The plotters captured abroad were tried separately in the countries where they were captured. Jankovich, Marsovszky and Mankowicz were tried in The Hague, while von Olchvary was tried in Hamburg. All receiving light sentences.

===Impact===
Facing considerable public pressure Bethlen offered his resignation to Horthy, who refused to accept it. Bethlen subsequently shuffled his cabinet by replacing Interior Minister Iván Rakovszky. The outcome of the trials increased Bethlen's popularity in Hungary.

The French Foreign Ministry saw Bethlen's exoneration in the Franc affair as a diplomatic defeat which emboldened nationalists in Hungary and Germany. When its attempt to push for the continuation of the League of Nations' economic oversight of Hungary failed, France turned its attention to combating international counterfeiting. French lawmakers revised a February 1926 Czechoslovak proposal to create an international police organization whose members would fight money counterfeiting.
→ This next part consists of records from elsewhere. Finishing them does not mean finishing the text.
(* Let $N\ge2$, $d=\pi(N)$, let $p_1<\dots<p_d$ be the primes up to $N$, and for $n=\prod_{j=1}^dp_j^{\kappa_j}\le N$ write $z(n)=\prod_{j=1}^dz_j^{\kappa_j}$ for $z=(z_1,\dots,z_d)\in\mathbb{T}^d$. Let $F(z)=\sum_{n=1}^Na_nz(n)$ with complex coefficients $a_n$, let $\|F\|_{L^\infty(\mathbb{T}^d)}=\sup_{z\in\mathbb{T}^d}|F(z)|$, and for $0<\lambda<1$ set \[X_\lambda=\{z\in\mathbb{T}^d:|F(z)|\ge\lambda\|F\|_{L^\infty(\mathbb{T}^d)}\}.\] Then \[\mu_d(X_\lambda)\ge\Big(\frac{1-\lambda}{\pi^2}\Big)^{\pi(N)}e^{-\sqrt N}.\]
   Context: $\mathbb{T}^d=\{(z_1,\dots,z_d):|z_j|=1\}$ is the polytorus and $\mu_d$ is the normalized product Lebesgue (Haar) measure on it; $\pi(N)$ is the number of primes $\le N$. *)

theory Defs
  imports "HOL-Probability.Probability" "HOL-Computational_Algebra.Primes"
begin

text \<open>Primes up to N; the polytorus T^d is indexed by these primes
  (coordinate z p corresponds to z_j for p = p_j).\<close>
definition primes_upto :: "nat \<Rightarrow> nat set" where
  "primes_upto N = {p. prime p \<and> p \<le> N}"

definition circle_measure :: "complex measure" where
  "circle_measure = distr (restrict_space lborel {0..1::real}) borel (\<lambda>t. cis (2 * pi * t))"

definition torus_measure :: "nat set \<Rightarrow> (nat \<Rightarrow> complex) measure" where
  "torus_measure P = PiM P (\<lambda>_. circle_measure)"

definition torus :: "nat set \<Rightarrow> (nat \<Rightarrow> complex) set" where
  "torus P = PiE P (\<lambda>_. sphere 0 1)"

definition zmon :: "(nat \<Rightarrow> complex) \<Rightarrow> nat \<Rightarrow> complex" where
  "zmon z n = (\<Prod>p\<in>prime_factors n. z p ^ multiplicity p n)"

definition dirichlet_poly :: "nat \<Rightarrow> (nat \<Rightarrow> complex) \<Rightarrow> (nat \<Rightarrow> complex) \<Rightarrow> complex" where
  "dirichlet_poly N a z = (\<Sum>n=1..N. a n * zmon z n)"

end

theory Submission
  imports Defs
begin

text \<open>Let \<open>z0\<close> be a point where \<open>|F|\<close> attains its maximum \<open>M\<close>. Along the rotation
  \<open>z p = z0 p * cis (u * t p)\<close> the polynomial \<open>F\<close> becomes an exponential sum in \<open>u\<close> whose
  frequencies are \<open>\<Sum>p. \<kappa>\<^sub>p(n) * t p\<close>. If \<open>\<bar>t p\<bar> \<le> (1 - lam) * ln p / ln N\<close>, these
  frequencies are bounded by \<open>(1 - lam) * ln n / ln N \<le> 1 - lam\<close>, so Bernstein's inequality gives
  \<open>|F z - F z0| \<le> (1 - lam) * M\<close>. Hence \<open>X\<^sub>\<lambda>\<close> contains the product of the arcs of half-length
  \<open>(1 - lam) * ln p / ln N\<close> around \<open>z0 p\<close>, of measure
  \<open>((1 - lam) / pi\<^sup>2) ^ \<pi>(N) * (\<Prod>p. pi * ln p / ln N)\<close>, and the last product is at least
  \<open>exp (- sqrt N)\<close>.\<close>

definition inv_sqrt_coeff :: "nat \<Rightarrow> real" where
  "inv_sqrt_coeff n = (-1) ^ n * ((-1/2) gchoose n)"

definition arcsin_coeff :: "nat \<Rightarrow> real" where
  "arcsin_coeff n = inv_sqrt_coeff n / (2 * real n + 1)"

definition arcsin_series_coeff :: "nat \<Rightarrow> real" where
  "arcsin_series_coeff k = (if odd k then arcsin_coeff (k div 2) else 0)"

lemma inv_sqrt_coeff_nonneg: "0 \<le> inv_sqrt_coeff n"
proof -
  have "inv_sqrt_coeff n = (-1) ^ n * (-1) ^ n * ((1/2 + real n - 1) gchoose n)"
    unfolding inv_sqrt_coeff_def using gbinomial_minus[of "1/2::real" n] by simp
  also have "\<dots> = (1/2 + real n - 1) gchoose n"
    by (simp flip: power_mult_distrib)
  also have "\<dots> \<ge> 0"
    unfolding gbinomial_prod_rev by (intro divide_nonneg_pos prod_nonneg) auto
  finally show ?thesis .
qed

lemma arcsin_coeff_nonneg: "0 \<le> arcsin_coeff n"
  unfolding arcsin_coeff_def using inv_sqrt_coeff_nonneg[of n] by simp

lemma arcsin_coeff_le: "arcsin_coeff n \<le> inv_sqrt_coeff n"
  unfolding arcsin_coeff_def using inv_sqrt_coeff_nonneg[of n]
  by (simp add: divide_le_eq mult_le_cancel_left1)

lemma sums_inv_sqrt_coeff:
  fixes w :: real
  assumes "\<bar>w\<bar> < 1"
  shows "(\<lambda>n. inv_sqrt_coeff n * w ^ n) sums (1 - w) powr (-1/2)"
proof -
  have "(\<lambda>n. ((-1/2) gchoose n) * (-w) ^ n) sums (1 + -w) powr (-1/2)"
    using assms by (intro gen_binomial_real) simp
  moreover have "((-1/2) gchoose n) * (-w) ^ n = inv_sqrt_coeff n * w ^ n" for n
    unfolding inv_sqrt_coeff_def by (subst power_minus) (simp only: mult_ac)
  ultimately show ?thesis by simp
qed

lemma summable_arcsin_coeff_power:
  fixes y :: real
  assumes "\<bar>y\<bar> < 1"
  shows "summable (\<lambda>n. arcsin_coeff n * y ^ (2 * n + 1))"
proof (rule summable_comparison_test'[where N = 0])
  have "\<bar>y\<^sup>2\<bar> < 1" using assms by (simp add: abs_square_less_1)
  from sums_summable[OF sums_inv_sqrt_coeff[OF this]]
  show "summable (\<lambda>n. inv_sqrt_coeff n * (y\<^sup>2) ^ n)" .
  fix n
  have "norm (arcsin_coeff n * y ^ (2 * n + 1)) = arcsin_coeff n * \<bar>y\<bar> ^ (2 * n + 1)"
    using arcsin_coeff_nonneg by (simp add: abs_mult power_abs)
  also have "\<dots> \<le> inv_sqrt_coeff n * \<bar>y\<bar> ^ (2 * n)"
    using assms arcsin_coeff_le inv_sqrt_coeff_nonneg
    by (intro mult_mono power_decreasing) auto
  also have "\<dots> = inv_sqrt_coeff n * (y\<^sup>2) ^ n"
    by (simp add: power_mult power_abs)
  finally show "norm (arcsin_coeff n * y ^ (2 * n + 1)) \<le> inv_sqrt_coeff n * (y\<^sup>2) ^ n" .
qed

lemma sums_arcsin_series_coeff_iff:
  "(\<lambda>k. arcsin_series_coeff k * y ^ k) sums c \<longleftrightarrow>
   (\<lambda>n. arcsin_coeff n * y ^ (2 * n + 1)) sums c"
proof -
  have "(\<lambda>n. arcsin_series_coeff (2 * n + 1) * y ^ (2 * n + 1)) sums c \<longleftrightarrow>
        (\<lambda>k. arcsin_series_coeff k * y ^ k) sums c"
    by (rule sums_mono_reindex) (auto simp: strict_mono_def arcsin_series_coeff_def elim!: oddE)
  thus ?thesis by (simp add: arcsin_series_coeff_def)
qed

lemma arcsin_series_has_derivative:
  fixes y :: real
  assumes "\<bar>y\<bar> < 1"
  shows "((\<lambda>y. \<Sum>k. arcsin_series_coeff k * y ^ k) has_real_derivative inverse (sqrt (1 - y\<^sup>2))) (at y)"
proof -
  define K where "K = (1 + \<bar>y\<bar>) / 2"
  have K: "\<bar>K\<bar> < 1" "\<bar>y\<bar> < \<bar>K\<bar>" using assms by (auto simp: K_def)
  have "summable (\<lambda>k. arcsin_series_coeff k * K ^ k)"
    using summable_sums[OF summable_arcsin_coeff_power[OF K(1)]] sums_arcsin_series_coeff_iff
    by (blast intro: sums_summable)
  from termdiffs_strong[OF this, of y] K
  have deriv: "((\<lambda>y. \<Sum>k. arcsin_series_coeff k * y ^ k) has_real_derivative
                 (\<Sum>k. diffs arcsin_series_coeff k * y ^ k)) (at y)"
    by simp
  have "\<bar>y\<^sup>2\<bar> < 1" using assms by (simp add: abs_square_less_1)
  have "(\<lambda>n. diffs arcsin_series_coeff (2 * n) * y ^ (2 * n)) sums c \<longleftrightarrow>
        (\<lambda>k. diffs arcsin_series_coeff k * y ^ k) sums c" for c
    by (rule sums_mono_reindex)
       (auto simp: strict_mono_def arcsin_series_coeff_def diffs_def elim!: evenE)
  moreover have "diffs arcsin_series_coeff (2 * n) * y ^ (2 * n) = inv_sqrt_coeff n * (y\<^sup>2) ^ n" for n
    by (simp add: diffs_def arcsin_series_coeff_def arcsin_coeff_def add.commute power_mult)
  ultimately have "(\<lambda>k. diffs arcsin_series_coeff k * y ^ k) sums (1 - y\<^sup>2) powr (-1/2)"
    using sums_inv_sqrt_coeff[OF \<open>\<bar>y\<^sup>2\<bar> < 1\<close>] by simp
  hence "(\<Sum>k. diffs arcsin_series_coeff k * y ^ k) = (1 - y\<^sup>2) powr (-1/2)"
    by (rule sums_unique[symmetric])
  also have "\<dots> = inverse (sqrt (1 - y\<^sup>2))"
    using \<open>\<bar>y\<^sup>2\<bar> < 1\<close> by (simp add: powr_minus powr_half_sqrt)
  finally show ?thesis using deriv by simp
qed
Briand's proposal called for the unification of anti-counterfeiting laws, police and judicial cooperation and the creation of national anti-counterfeiting centers within the borders of each signatory. The proposal was reviewed and later adopted by the League of Nations in the International Convention for the Suppression of Counterfeiting Currency in April 1929. The convention facilitated ICPC's recognition by the League of Nations and formalized its efforts to fight international crime.